Anyway, the point I wanted to make is not that the familiar externalist problems arise if one accepts causal conditions in the individuation of mental states. If my reasoning was correct, the externalism we get is unfamiliar and bizarre: the content of my water-thoughts depends not only on what occupies the water-role in my surroundings (that's familiar) but just as much on what happens in any far away galaxy. Likewise for the phenomenal quality of my pain experiences. That should sound wrong even to a die-hard externalist. So there must be a fault in my reasoning. The question is where.

# on 15 June 2004, 15:34

sorry, mea culpa.

# on 21 June 2004, 16:51

you're either conflating different forms of possibility or you're begging the question. if we're restricting the domain of possible worlds to those that are nomologically possible, then there will be no possible world in which the physical laws are drastically different (or perhaps even different at all).

if we don't place such a restriction on W, then scientific essentialists will argue that modal intuitions about mental properties differing across possible worlds, even when realized by identical physical properties, are mistaken or at least mistakenly reported.

if being in pain=having firing c-fibers, then necessarily being in pain=having firing c-fibers. it doesn't matter what possible world we're talking about and how drastically different the physical laws are. we will always be in the same mental state as our possible world counterparts. of course, having firing c-fibers is a poor example of a physical property which might be essential to being in pain, but *surely* there's a first-order physical property common to all pain realizers that's essential to being in pain. if so, then it's not possible that i could be in pain in the actual world while my counterpart not be in a physical world with different physical laws.

# on 23 June 2004, 10:18

have you read John Hawthorne's paper on why Humeans are out of their minds? Its kinda related to what you worry about here..

# on 26 June 2004, 10:59

Rich: thanks, I'll have a look at the Hawthorne paper. The problem is more obvious for Humeans about laws, but I think it applies to other accounts as well. E.g. there are many different necessitation relations between universals compatible with what goes on in our galaxy, and I assume there is no direct way to find out the actual necessitation relations.

muxol: yes, if the individuation of mental states is a matter of intrinsic physical nature the problem doesn't arise (even though a similar one probably arises if we consider world 2 as actual). However, I find that very implausible.
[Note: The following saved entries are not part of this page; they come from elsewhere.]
lemma tensor_degree_contract_last:
  assumes "finite (poly_supp f)"
  shows "tensor_degree (contract_last f \<phi>) \<le> tensor_degree f"
proof -
  have "sum_list (map mono_len r) \<le> tensor_degree f" if r: "r \<in> poly_supp (contract_last f \<phi>)" for r
  proof -
    obtain ms where "ms \<in> poly_supp f" "r = butlast ms"
      using r poly_supp_contract_last by blast
    then show ?thesis
      using tensor_degree_ge[OF assms] sum_list_map_butlast_le[of mono_len ms] le_trans by blast
  qed
  moreover have "finite (poly_supp (contract_last f \<phi>))"
    using assms poly_supp_contract_last by (meson finite_imageI finite_subset)
  ultimately show ?thesis by (simp add: tensor_degree_def)
qed

lemma finite_poly_supp_slice:
  assumes "finite (poly_supp f)"
  shows "finite (poly_supp (\<lambda>m. f (r @ [m])))"
proof -
  have "poly_supp (\<lambda>m. f (r @ [m])) = (\<lambda>m. r @ [m]) -` poly_supp f"
    by (simp add: poly_supp_def)
  then show ?thesis using assms by (auto intro: finite_vimageI inj_onI)
qed

lemma is_pc_poly_slice:
  assumes "is_tensor_poly (Suc k) X I f" "length r = k"
  shows "is_pc_poly (X k) (I k) (\<lambda>m. f (r @ [m]))"
  unfolding is_pc_poly_def
proof
  show "finite (poly_supp (\<lambda>m. f (r @ [m])))"
    using assms(1) by (simp add: is_tensor_poly_def finite_poly_supp_slice)
  show "poly_supp (\<lambda>m. f (r @ [m])) \<subseteq> pc_monoid (X k) (I k)"
    using assms by (fastforce simp: is_tensor_poly_def poly_supp_def nth_append)
qed
(* Let $\mathbb{X},\mathbb{Y}$ be real Banach spaces of dimension greater than $1$. Then the pair $(\mathbb{X},\mathbb{Y})$ has the strong Bishop-Phelps-Bollobás property (sBPBp) if and only if for every $\epsilon>0$ and every nonzero $T\in\mathbb{L}(\mathbb{X},\mathbb{Y})$ there exists $\delta=\delta(\epsilon,T)$ with $0<\delta<\|T\|$ such that \[M_T(\delta)\subseteq\bigcup_{x\in M_T}\big(B(x,\epsilon)\cap S_{\mathbb{X}}\big).\]
   Context: The pair $(\mathbb{X},\mathbb{Y})$ has sBPBp if for every $\epsilon>0$ and every $T\in\mathbb{L}(\mathbb{X},\mathbb{Y})$ with $\|T\|=1$ there exists $\eta(\epsilon,T)>0$ such that whenever $x_0\in S_{\mathbb{X}}$ satisfies $\|Tx_0\|>1-\eta(\epsilon,T)$, there exists $x_1\in S_{\mathbb{X}}$ with $\|Tx_1\|=1$ and $\|x_1-x_0\|<\epsilon$. Here $M_T=\{x\in S_{\mathbb{X}}:\|Tx\|=\|T\|\}$, and for nonzero $T$ and $0<\delta<\|T\|$, $M_T(\delta)=\{x\in S_{\mathbb{X}}:\|Tx\|>\|T\|-\delta\}$; $B(x,r)$ is the open ball of centre $x$ and radius $r$. *)

theory Defs
  imports "HOL-Analysis.Analysis"
begin

definition dim_gt_one :: "'a::real_vector itself \<Rightarrow> bool" where
  "dim_gt_one _ \<longleftrightarrow> (\<exists>x y :: 'a. x \<noteq> y \<and> independent {x, y})"

definition sBPBp :: "'a::real_normed_vector itself \<Rightarrow> 'b::real_normed_vector itself \<Rightarrow> bool" where
  "sBPBp _ _ \<longleftrightarrow>
     (\<forall>\<epsilon>>0. \<forall>T :: ('a, 'b) blinfun. norm T = 1 \<longrightarrow>
        (\<exists>\<eta>>0. \<forall>x0 \<in> sphere (0::'a) 1. norm (blinfun_apply T x0) > 1 - \<eta> \<longrightarrow>
            (\<exists>x1 \<in> sphere (0::'a) 1. norm (blinfun_apply T x1) = 1 \<and> norm (x1 - x0) < \<epsilon>)))"

definition M_T :: "('a::real_normed_vector, 'b::real_normed_vector) blinfun \<Rightarrow> 'a set" where
  "M_T T = {x \<in> sphere 0 1. norm (blinfun_apply T x) = norm T}"

definition M_T_delta :: "('a::real_normed_vector, 'b::real_normed_vector) blinfun \<Rightarrow> real \<Rightarrow> 'a set" where
  "M_T_delta T \<delta> = {x \<in> sphere 0 1. norm (blinfun_apply T x) > norm T - \<delta>}"

end

theory Submission
  imports Defs
begin

(* Both conditions say that near-norming points of the unit sphere lie close to norming points.
   sBPBp asks this for operators of norm one, the covering condition for all nonzero operators,
   and the two are matched by normalising T to T / norm T, which leaves M_T unchanged and
   rescales the threshold of M_T_delta by norm T. *)

lemma M_T_delta_subset_sphere: "M_T_delta T \<delta> \<subseteq> sphere 0 1"
  by (auto simp: M_T_delta_def)

lemma M_T_delta_mono: "\<delta> \<le> \<delta>' \<Longrightarrow> M_T_delta T \<delta> \<subseteq> M_T_delta T \<delta>'"
  by (auto simp: M_T_delta_def)

lemma M_T_scaleR:
  assumes "c > 0"
  shows "M_T (c *\<^sub>R T) = M_T T"
  using assms by (simp add: M_T_def blinfun.scaleR_left)

lemma M_T_delta_scaleR:
  assumes "c > 0"
  shows "M_T_delta (c *\<^sub>R T) (c * \<delta>) = M_T_delta T \<delta>"
proof -
  have "c * norm (T x) > c * norm T - c * \<delta> \<longleftrightarrow> norm (T x) > norm T - \<delta>" for x
    using assms by (simp flip: right_diff_distrib)
  then show ?thesis
    using assms by (simp add: M_T_delta_def blinfun.scaleR_left)
qed

lemma M_T_delta_subset_cover_iff:
  "M_T_delta T \<delta> \<subseteq> (\<Union>x \<in> M_T T. ball x \<epsilon> \<inter> sphere 0 1) \<longleftrightarrow>
   (\<forall>x0 \<in> M_T_delta T \<delta>. \<exists>x1 \<in> M_T T. norm (x1 - x0) < \<epsilon>)"
  using M_T_delta_subset_sphere[of T \<delta>] by (fastforce simp: dist_norm)

lemma sBPBp_iff_M_T_delta:
  "sBPBp TYPE('a::real_normed_vector) TYPE('b::real_normed_vector) \<longleftrightarrow>
   (\<forall>\<epsilon>>0. \<forall>T :: ('a, 'b) blinfun. norm T = 1 \<longrightarrow>
      (\<exists>\<eta>>0. \<forall>x0 \<in> M_T_delta T \<eta>. \<exists>x1 \<in> M_T T. norm (x1 - x0) < \<epsilon>))"
  unfolding sBPBp_def M_T_def M_T_delta_def by (simp add: Ball_def Bex_def imp_conjL conj_ac)

lemma M_T_delta_approx_normalize:
  fixes T :: "('a::real_normed_vector, 'b::real_normed_vector) blinfun"
  assumes "T \<noteq> 0"
    and approx: "\<forall>x0 \<in> M_T_delta (T /\<^sub>R norm T) \<eta>. \<exists>x1 \<in> M_T (T /\<^sub>R norm T). norm (x1 - x0) < \<epsilon>"
  shows "\<forall>x0 \<in> M_T_delta T (norm T * \<eta>). \<exists>x1 \<in> M_T T. norm (x1 - x0) < \<epsilon>"
proof -
  have c: "norm T > 0" using assms(1) by simp
  have "T = norm T *\<^sub>R (T /\<^sub>R norm T)" using c by simp
  then have "M_T_delta T (norm T * \<eta>) = M_T_delta (T /\<^sub>R norm T) \<eta>"
    and "M_T T = M_T (T /\<^sub>R norm T)"
    using M_T_delta_scaleR[OF c] M_T_scaleR[OF c] by metis+
  with approx show ?thesis by simp
qed

theorem theorem2p4:
  assumes "dim_gt_one TYPE('a::banach)"
      and "dim_gt_one TYPE('b::banach)"
  shows "sBPBp TYPE('a) TYPE('b) \<longleftrightarrow>
    (\<forall>\<epsilon>>0. \<forall>T :: ('a, 'b) blinfun. T \<noteq> 0 \<longrightarrow>
       (\<exists>\<delta>. 0 < \<delta> \<and> \<delta> < norm T \<and>
          M_T_delta T \<delta> \<subseteq> (\<Union>x \<in> M_T T. ball x \<epsilon> \<inter> sphere 0 1)))"
  unfolding sBPBp_iff_M_T_delta M_T_delta_subset_cover_iff
proof (intro iffI allI impI)
  fix \<epsilon> :: real and T :: "('a, 'b) blinfun"
  assume sBPBp: "\<forall>\<epsilon>>0. \<forall>T :: ('a, 'b) blinfun. norm T = 1 \<longrightarrow>
      (\<exists>\<eta>>0. \<forall>x0 \<in> M_T_delta T \<eta>. \<exists>x1 \<in> M_T T. norm (x1 - x0) < \<epsilon>)"
    and "\<epsilon> > 0" and T: "T \<noteq> 0"
  moreover have "norm (T /\<^sub>R norm T) = 1"
    using T by simp
  ultimately obtain \<eta> where "\<eta> > 0"
    and "\<forall>x0 \<in> M_T_delta (T /\<^sub>R norm T) \<eta>. \<exists>x1 \<in> M_T (T /\<^sub>R norm T). norm (x1 - x0) < \<epsilon>"
    by blast
  then have approx: "\<forall>x0 \<in> M_T_delta T (norm T * \<eta>). \<exists>x1 \<in> M_T T. norm (x1 - x0) < \<epsilon>"
    using M_T_delta_approx_normalize T by blast
  define \<delta> where "\<delta> = norm T * min \<eta> (1/2)"
  have "M_T_delta T \<delta> \<subseteq> M_T_delta T (norm T * \<eta>)"
    using T by (intro M_T_delta_mono) (simp add: \<delta>_def)
  moreover have "0 < \<delta>" "\<delta> < norm T"
    using T \<open>\<eta> > 0\<close> by (simp_all add: \<delta>_def)
  ultimately show "\<exists>\<delta>>0. \<delta> < norm T \<and> (\<forall>x0 \<in> M_T_delta T \<delta>. \<exists>x1 \<in> M_T T. norm (x1 - x0) < \<epsilon>)"
    using approx by blast
next
  fix \<epsilon> :: real and T :: "('a, 'b) blinfun"
  assume "\<forall>\<epsilon>>0. \<forall>T :: ('a, 'b) blinfun. T \<noteq> 0 \<longrightarrow>
      (\<exists>\<delta>>0. \<delta> < norm T \<and> (\<forall>x0 \<in> M_T_delta T \<delta>. \<exists>x1 \<in> M_T T. norm (x1 - x0) < \<epsilon>))"
    and "\<epsilon> > 0" and "norm T = 1"
  then show "\<exists>\<eta>>0. \<forall>x0 \<in> M_T_delta T \<eta>. \<exists>x1 \<in> M_T T. norm (x1 - x0) < \<epsilon>"
    by force
qed

end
It implies that it's impossible for beings with a very non-human body to have desires, beliefs, perceptions, or pains.

# on 27 June 2004, 19:36

wo, is it really all that implausible though? what we consider as desires, beliefs, and pains are probably terms ranging over a broad category of species-specific mental states realized by very similar neurophysiological systems.

what constitutes a very non-human neurophysiological system? surely even a rat and human have very comparable neurophysiological systems.

# on 28 June 2004, 19:07

Yes, John Hawthorne's argument is somewhat similar to my worries. But I took it for granted that if certain causal roles are essential to a mental state then being in that state is not an intrinsic property. Apparently, on Hawthorne's view the causal relations that enter into the role all relate the mental state to other intrinsic states of the subject, but never to external things. This is a rather odd position, as Brian Weatherson has pointed out.

So I took it for granted that mental states are not completely intrinsic to their subjects. I don't find that all too implausible. What I find implausible is that my mental states are not intrinsic to our galaxy.

In his reply to Hawthorne, Brian incidentally suggests an answer to my worry: Causal properties might not depend on universal laws but only on "local laws", lawlike regularities obtaining in the relevant region of the universe. I guess the solution must look somehow like this, but I wonder how that solution looks like in more detail: Surely the regions that matter for causal properties can't be arbitrarily small (or large, for that matter).